Example 2 Using the plating bath purified in Example 1, a cold-rolled steel sheet having a plate thickness of 0.5 mm was subjected to aluminum plating by pulse current. A cold-rolled steel sheet, which had been subjected to the same pretreatment as in Example 1, was used, and this steel sheet was used as a cathode and an aluminum plate (same as in Example 1) was used as an anode. Duty ratio of 1/10 to 1/1 /
100, average current density 0.1 to 30 A / dm ² . As a result, the thickness of the plating layer was uniform, and the appearance, workability, and adhesion were the same as those obtained by direct current plating. Also,
The plating layer purity was 99.98% or higher.

In addition, Cu alloy and Ni alloy were plated in the same manner as above, but Al plating with a purity of 99.9% or more was possible.

Comparative Example A cold rolled steel sheet subjected to the same pretreatment as in Example 1 was kept in N ₂ atmosphere with 67 mol% of AlCl ₃ and butylpyridinium chloride 3.
A cold-rolled steel sheet (same thickness) with a thickness of 0.5 mm, which was pretreated in the same manner as in Example 1 using an unpurified molten salt plating bath containing 3 mol%, was used as a cathode and an aluminum plate (same as in Example 1). Was used as an anode, and aluminum was plated at a bath temperature of 80 ° C. and a direct current of 20 a / dm ^{2 for} 1 minute. The appearance of this plated steel sheet was gray, the crystals were rough, and the plating layer purity was 99.0%.

(Effect) As described above, according to the present invention, aluminum plating having a purity of 99.9% or more, a dense structure, and good workability can be performed. Therefore, the plated product can be used for precision parts such as electronic parts such as IC lead frames that require good bonding properties with aluminum wires and magnetic disks that utilize pores formed by alumite treatment.

Also, even if the bath temperature and current density are significantly higher than before,
Since no problem occurs in plating, high-speed plating is possible, productivity in the case of continuous plating can be improved, and plating cost can be reduced.

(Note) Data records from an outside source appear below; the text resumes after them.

(* Suppose that for the given $n$, $\theta_{n,1}\ge\theta_{n,2}\ge\cdots\ge\theta_{n,M_n}$. Then $$\min_{\mathbf w\in\mathcal W_n}R_n(\mathbf w)=\mathrm{tr}(\mathbf P_1\boldsymbol\Omega)+\sum_{m=2}^{M_n}\frac{a_m b_m}{a_m+b_m}+\boldsymbol\mu^\top(\mathbf I_n-\mathbf P_{M_n})\boldsymbol\mu,$$ attained at $w_m=\gamma_m-\gamma_{m+1}$ ($m<M_n$), $w_{M_n}=\gamma_{M_n}$, with $\gamma_1=1$ and $\gamma_m=a_m/(a_m+b_m)$ for $m\ge2$; $$\min_{\mathbf w\in\mathcal Q_n}R_n(\mathbf w)=\sum_{m=1}^{M_n}\frac{a_m b_m}{a_m+b_m}+\boldsymbol\mu^\top(\mathbf I_n-\mathbf P_{M_n})\boldsymbol\mu;$$ and consequently $$\min_{\mathcal W_n}R_n-\min_{\mathcal Q_n}R_n=\frac{\{\mathrm{tr}(\mathbf P_1\boldsymbol\Omega)\}^2}{\boldsymbol\mu^\top\mathbf P_1\boldsymbol\mu+\mathrm{tr}(\mathbf P_1\boldsymbol\Omega)}\le\mathrm{tr}(\mathbf P_1\boldsymbol\Omega).$$
   Context: Fix $n$. Let $\mathbf y=\boldsymbol\mu+\boldsymbol\varepsilon\in\mathbb R^n$ with $\boldsymbol\mu$ deterministic, $E\boldsymbol\varepsilon=\mathbf 0$, $\mathrm{Cov}(\boldsymbol\varepsilon)=\boldsymbol\Omega$ positive definite. Let $\mathbf X$ be a nonstochastic $n\times p$ matrix, integers $0=\nu_0<\nu_1<\cdots<\nu_{M_n}\le p$ with $M_n\ge2$, $\mathbf X_m$ the first $\nu_m$ columns of $\mathbf X$ (full column rank), $\mathbf P_m=\mathbf X_m(\mathbf X_m^\top\mathbf X_m)^{-1}\mathbf X_m^\top$, $\mathbf P_0=\mathbf 0$. For $\mathbf w\in\mathbb R^{M_n}$, $R_n(\mathbf w)=E\|\sum_{m=1}^{M_n}w_m\mathbf P_m\mathbf y-\boldsymbol\mu\|^2$. $\mathcal W_n=\{\mathbf w\in[0,1]^{M_n}:\sum_m w_m=1\}$, $\mathcal Q_n=[0,1]^{M_n}$. Write $a_m=\boldsymbol\mu^\top(\mathbf P_m-\mathbf P_{m-1})\boldsymbol\mu$, $b_m=\mathrm{tr}\{(\mathbf P_m-\mathbf P_{m-1})\boldsymbol\Omega\}$ and $\theta_{n,m}=a_m/(n b_m)$. *)

theory Defs
  imports "HOL-Probability.Probability" "Jordan_Normal_Form.Gauss_Jordan_Elimination"
begin

definition mtrace :: "real mat \<Rightarrow> real" where
  "mtrace A = (\<Sum>i<dim_row A. A $$ (i,i))"

definition Xsub :: "real mat \<Rightarrow> nat \<Rightarrow> real mat" where
  "Xsub X k = mat (dim_row X) k (\<lambda>(i,j). X $$ (i,j))"

definition hatm :: "real mat \<Rightarrow> nat \<Rightarrow> real mat" where
  "hatm X k = (if k = 0 then 0\<^sub>m (dim_row X) (dim_row X)
     else Xsub X k * the (mat_inverse (transpose_mat (Xsub X k) * Xsub X k)) * transpose_mat (Xsub X k))"

definition Pm :: "real mat \<Rightarrow> (nat \<Rightarrow> nat) \<Rightarrow> nat \<Rightarrow> real mat" where
  "Pm X \<nu> m = hatm X (\<nu> m)"

definition acoef :: "real mat \<Rightarrow> (nat \<Rightarrow> nat) \<Rightarrow> real vec \<Rightarrow> nat \<Rightarrow> real" where
  "acoef X \<nu> \<mu> m = \<mu> \<bullet> ((Pm X \<nu> m - Pm X \<nu> (m - 1)) *\<^sub>v \<mu>)"

definition bcoef :: "real mat \<Rightarrow> (nat \<Rightarrow> nat) \<Rightarrow> real mat \<Rightarrow> nat \<Rightarrow> real" where
  "bcoef X \<nu> \<Omega> m = mtrace ((Pm X \<nu> m - Pm X \<nu> (m - 1)) * \<Omega>)"

definition Pw :: "real mat \<Rightarrow> (nat \<Rightarrow> nat) \<Rightarrow> nat \<Rightarrow> (nat \<Rightarrow> real) \<Rightarrow> real mat" where
  "Pw X \<nu> M w = mat (dim_row X) (dim_row X) (\<lambda>(i,j). \<Sum>m=1..M. w m * Pm X \<nu> m $$ (i,j))"

definition risk :: "'a measure \<Rightarrow> ('a \<Rightarrow> real vec) \<Rightarrow> real mat \<Rightarrow> (nat \<Rightarrow> nat) \<Rightarrow> nat
    \<Rightarrow> real vec \<Rightarrow> (nat \<Rightarrow> real) \<Rightarrow> real" where
  "risk Pr \<epsilon> X \<nu> M \<mu> w =
     (\<integral>\<omega>. (let d = Pw X \<nu> M w *\<^sub>v (\<mu> + \<epsilon> \<omega>) - \<mu> in d \<bullet> d) \<partial>Pr)"

definition Wset :: "nat \<Rightarrow> (nat \<Rightarrow> real) set" where
  "Wset M = {w. (\<forall>m\<in>{1..M}. 0 \<le> w m \<and> w m \<le> 1) \<and> (\<Sum>m=1..M. w m) = 1}"

definition Qset :: "nat \<Rightarrow> (nat \<Rightarrow> real) set" where
  "Qset M = {w. \<forall>m\<in>{1..M}. 0 \<le> w m \<and> w m \<le> 1}"

end

(*
  Write gamma_j = w_j + ... + w_M for the tail sums of the weights.  The hat matrices are
  nested, P_i P_j = P_(min i j), so for A = sum_m w_m P_m the risk
  |(A - I) mu|^2 + tr (A' A Omega) is a quadratic form in w whose coefficients depend on
  (m, m') only through min m m'.  Summation by parts in the tail sums turns it into
  sum_j [a_j (1 - gamma_j)^2 + b_j gamma_j^2] + mu' (I - P_M) mu, where a_j >= 0 and b_j > 0
  because P_j - P_(j-1) is a nonzero orthogonal projection and Omega is positive definite.
  Each summand is minimised at gamma_j = a_j / (a_j + b_j), with value a_j b_j / (a_j + b_j).
  On W_n the constraint sum_m w_m = 1 pins gamma_1 = 1, so the first summand costs b_1 instead.
  The ordering of the theta_(n,j) makes the optimal tail sums nonincreasing in j, i.e. the
  optimal weights gamma_j - gamma_(j+1) lie in [0, 1].
*)

theory Submission
  imports Defs "Jordan_Normal_Form.Determinant"
begin

section \<open>Tail sums and summation by parts\<close>

definition tail_sum :: "nat \<Rightarrow> (nat \<Rightarrow> real) \<Rightarrow> nat \<Rightarrow> real" where
  "tail_sum M w j = (\<Sum>m=j..M. w m)"

lemma tail_sum_eq_sum_if:
  "1 \<le> j \<Longrightarrow> tail_sum M w j = (\<Sum>m=1..M. if j \<le> m then w m else 0)"
proof -
  assume "1 \<le> j"
  then have "{m \<in> {1..M}. j \<le> m} = {j..M}" by auto
  then show ?thesis by (simp add: tail_sum_def sum.inter_filter[symmetric])
qed

lemma sum_increments:
  fixes f :: "nat \<Rightarrow> real"
  shows "f 0 = 0 \<Longrightarrow> (\<Sum>j=1..M. f j - f (j - 1)) = f M"
  by (induction M) (simp_all add: sum.cl_ivl_Suc)

lemma eq_sum_increments_if:
  fixes f :: "nat \<Rightarrow> real"
  assumes "f 0 = 0" "m \<le> M"
  shows "f m = (\<Sum>j=1..M. if j \<le> m then f j - f (j - 1) else 0)"
proof -
  have "{j \<in> {1..M}. j \<le> m} = {1..m}" using assms(2) by auto
  then have "(\<Sum>j=1..M. if j \<le> m then f j - f (j - 1) else 0) = (\<Sum>j=1..m. f j - f (j - 1))"
    by (simp add: sum.inter_filter[symmetric])
  also have "\<dots> = f m" using assms(1) by (rule sum_increments)
  finally show ?thesis by simp
qed

lemma sum_by_parts_tail_sum:
  fixes f w :: "nat \<Rightarrow> real"
  assumes "f 0 = 0"
  shows "(\<Sum>m=1..M. w m * f m) = (\<Sum>j=1..M. (f j - f (j - 1)) * tail_sum M w j)"
proof -
  have "(\<Sum>m=1..M. w m * f m)
      = (\<Sum>m=1..M. \<Sum>j=1..M. (f j - f (j - 1)) * (if j \<le> m then w m else 0))"
  proof (intro sum.cong refl)
    fix m assume "m \<in> {1..M}"
    then show "w m * f m = (\<Sum>j=1..M. (f j - f (j - 1)) * (if j \<le> m then w m else 0))"
      by (subst eq_sum_increments_if[of f m M, OF assms]) (auto simp: sum_distrib_left intro!: sum.cong)
  qed
  also have "\<dots> = (\<Sum>j=1..M. (f j - f (j - 1)) * tail_sum M w j)"
    by (subst sum.swap) (simp add: tail_sum_eq_sum_if sum_distrib_left)
  finally show ?thesis .
qed

lemma sum_by_parts_tail_sum_min:
  fixes f w :: "nat \<Rightarrow> real"
  assumes "f 0 = 0"
  shows "(\<Sum>m=1..M. \<Sum>m'=1..M. w m * w m' * f (min m m'))
       = (\<Sum>j=1..M. (f j - f (j - 1)) * (tail_sum M w j)\<^sup>2)"
proof -
  let ?v = "\<lambda>j m. if j \<le> m then w m else 0"
  have "(\<Sum>m=1..M. \<Sum>m'=1..M. w m * w m' * f (min m m'))
      = (\<Sum>m=1..M. \<Sum>m'=1..M. \<Sum>j=1..M. (f j - f (j - 1)) * (?v j m * ?v j m'))"
  proof (intro sum.cong refl)
    fix m m' assume "m \<in> {1..M}" "m' \<in> {1..M}"
    then show "w m * w m' * f (min m m') = (\<Sum>j=1..M. (f j - f (j - 1)) * (?v j m * ?v j m'))"
      by (subst eq_sum_increments_if[of f "min m m'" M, OF assms]) (auto simp: sum_distrib_left intro!: sum.cong)
  qed
  also have "\<dots> = (\<Sum>j=1..M. (f j - f (j - 1)) * ((\<Sum>m=1..M. ?v j m) * (\<Sum>m'=1..M. ?v j m')))"
    unfolding sum_product by (subst sum.swap, subst (2) sum.swap) (simp add: sum_distrib_left)
  also have "\<dots> = (\<Sum>j=1..M. (f j - f (j - 1)) * (tail_sum M w j)\<^sup>2)"
    by (intro sum.cong refl) (simp add: tail_sum_eq_sum_if power2_eq_square)
  finally show ?thesis .
qed

lemma quadratic_risk_tail_sum_form:
  fixes s t w :: "nat \<Rightarrow> real"
  assumes "s 0 = 0" "t 0 = 0"
  shows "(\<Sum>m=1..M. \<Sum>m'=1..M. w m * w m' * (s (min m m') + t (min m m')))
           - 2 * (\<Sum>m=1..M. w m * s m) + c
       = (\<Sum>j=1..M. (s j - s (j - 1)) * (1 - tail_sum M w j)\<^sup>2 + (t j - t (j - 1)) * (tail_sum M w j)\<^sup>2)
           + (c - s M)"
proof -
  define \<gamma> where "\<gamma> = tail_sum M w"
  define a where "a j = s j - s (j - 1)" for j
  define b where "b j = t j - t (j - 1)" for j
  have "(\<Sum>m=1..M. \<Sum>m'=1..M. w m * w m' * (s (min m m') + t (min m m')))
      = (\<Sum>j=1..M. (a j + b j) * (\<gamma> j)\<^sup>2)"
    using sum_by_parts_tail_sum_min[where f="\<lambda>k. s k + t k" and M=M and w=w] assms
    by (simp add: a_def b_def \<gamma>_def algebra_simps)
  moreover have "(\<Sum>m=1..M. w m * s m) = (\<Sum>j=1..M. a j * \<gamma> j)"
    using sum_by_parts_tail_sum[where f=s and M=M and w=w] assms by (simp add: a_def \<gamma>_def)
  moreover have "s M = (\<Sum>j=1..M. a j)" using sum_increments[of s M] assms by (simp add: a_def)
  moreover have "a j * (1 - \<gamma> j)\<^sup>2 + b j * (\<gamma> j)\<^sup>2 = (a j + b j) * (\<gamma> j)\<^sup>2 - 2 * (a j * \<gamma> j) + a j" for j
    by (simp add: power2_eq_square algebra_simps)
  ultimately show ?thesis
    unfolding a_def[symmetric] b_def[symmetric] \<gamma>_def[symmetric]
    by (simp add: sum.distrib sum_subtractf sum_distrib_left)
qed

lemma tail_sum_of_decrements:
  fixes g :: "nat \<Rightarrow> real"
  assumes "j \<le> M"
  shows "tail_sum M (\<lambda>m. if m < M then g m - g (Suc m) else g M) j = g j"
proof -
  define h where "h m = (if m \<le> M then g m else 0)" for m
  have "tail_sum M (\<lambda>m. if m < M then g m - g (Suc m) else g M) j = - (\<Sum>m=j..M. h (Suc m) - h m)"
    unfolding tail_sum_def sum_negf[symmetric] by (intro sum.cong refl) (auto simp: h_def)
  also have "\<dots> = g j" using assms by (subst sum_Suc_diff) (auto simp: h_def)
  finally show ?thesis .
qed

lemma decrements_in_Qset:
  fixes g :: "nat \<Rightarrow> real"
  assumes "\<forall>j\<in>{1..M}. 0 \<le> g j \<and> g j \<le> 1" and "\<forall>m\<in>{1..<M}. g (Suc m) \<le> g m"
  shows "(\<lambda>m. if m < M then g m - g (Suc m) else g M) \<in> Qset M"
  unfolding Qset_def
proof (intro CollectI ballI)
  fix m assume m: "m \<in> {1..M}"
  show "0 \<le> (if m < M then g m - g (Suc m) else g M) \<and> (if m < M then g m - g (Suc m) else g M) \<le> 1"
  proof (cases "m < M")
    case True
    then have "g (Suc m) \<le> g m" "0 \<le> g (Suc m)" "g m \<le> 1" using assms m by auto
    with True show ?thesis by simp
  next
    case False
    then show ?thesis using assms m by auto
  qed
qed

lemma Wset_iff_tail_sum: "w \<in> Wset M \<longleftrightarrow> w \<in> Qset M \<and> tail_sum M w 1 = 1"
  by (simp add: Wset_def Qset_def tail_sum_def)

section \<open>Optimal shrinkage\<close>

lemma shrinkage_loss_ge:
  fixes a b g :: real
  assumes "0 < a + b"
  shows "a * b / (a + b) \<le> a * (1 - g)\<^sup>2 + b * g\<^sup>2"
proof -
  have "(a + b) * (a * (1 - g)\<^sup>2 + b * g\<^sup>2) = a * b + ((a + b) * g - a)\<^sup>2"
    by (simp add: power2_eq_square algebra_simps)
  then have "a * b \<le> (a + b) * (a * (1 - g)\<^sup>2 + b * g\<^sup>2)" by simp
  with assms show ?thesis by (simp add: divide_le_eq mult.commute)
qed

 ─────────────────────────────────────────────────── ─── Continuation of the front page (72) Ryozo Akama Inventor, Ryozo Akama 1 at 7 Takaya-shinmachi, Ichikawa-shi, Chiba Nisshin Steel Co., Ltd., New Materials Research Center (56) Reference JP-A-62-70592 (JP, A) Kai 62-70593 (JP, A) JP 61-243190 (JP, A)

Claims (3)

(57) [Claims] 1. An aluminum halide (AlX ₃ , provided that
X is Cl, Br, I) 50 to 80 mol% and an alkylpyridinium halide (C ₅ H ₅ N-RX, where R is an alkyl group having 1 to 5 carbon atoms and X is a halogen atom) 20 to 50 mol% A molten salt bath consisting of or and a mixture of this bath and an organic solvent are purified by pre-electrolyzing at a current density of 0.5 A / dm ² or less using metallic aluminum on both electrodes, and then aluminum is electroplated on the object to be plated. A method for electroplating aluminum, which comprises plating. 2. An aluminum halide (AlX ₃ , provided that
X is Cl, Br, I) 50 to 80 mol% and alkylpyridium halide (C ₅ H ₅ N-RX, where R is an alkyl group having 1 to 5 carbon atoms, X is a halogen atom) 20 to 50 mol % Molten salt bath or a mixture of this bath and an organic solvent is electrolyzed at a current density of 0.5 A / dm ² or less using metallic aluminum on both electrodes and then purified by direct current in a dry oxygen-free atmosphere. An electroaluminum plating method comprising electroplating aluminum on an object to be plated under an electrolytic condition of a bath temperature of 0 to 150 ° C. and a current density of 0.1 to 30 A / dm ² by an electric current or a pulse current. 3. The electroaluminum plating method according to claim 2, wherein the aluminum is electroplated on the object to be plated, and the anode is made of metal aluminum.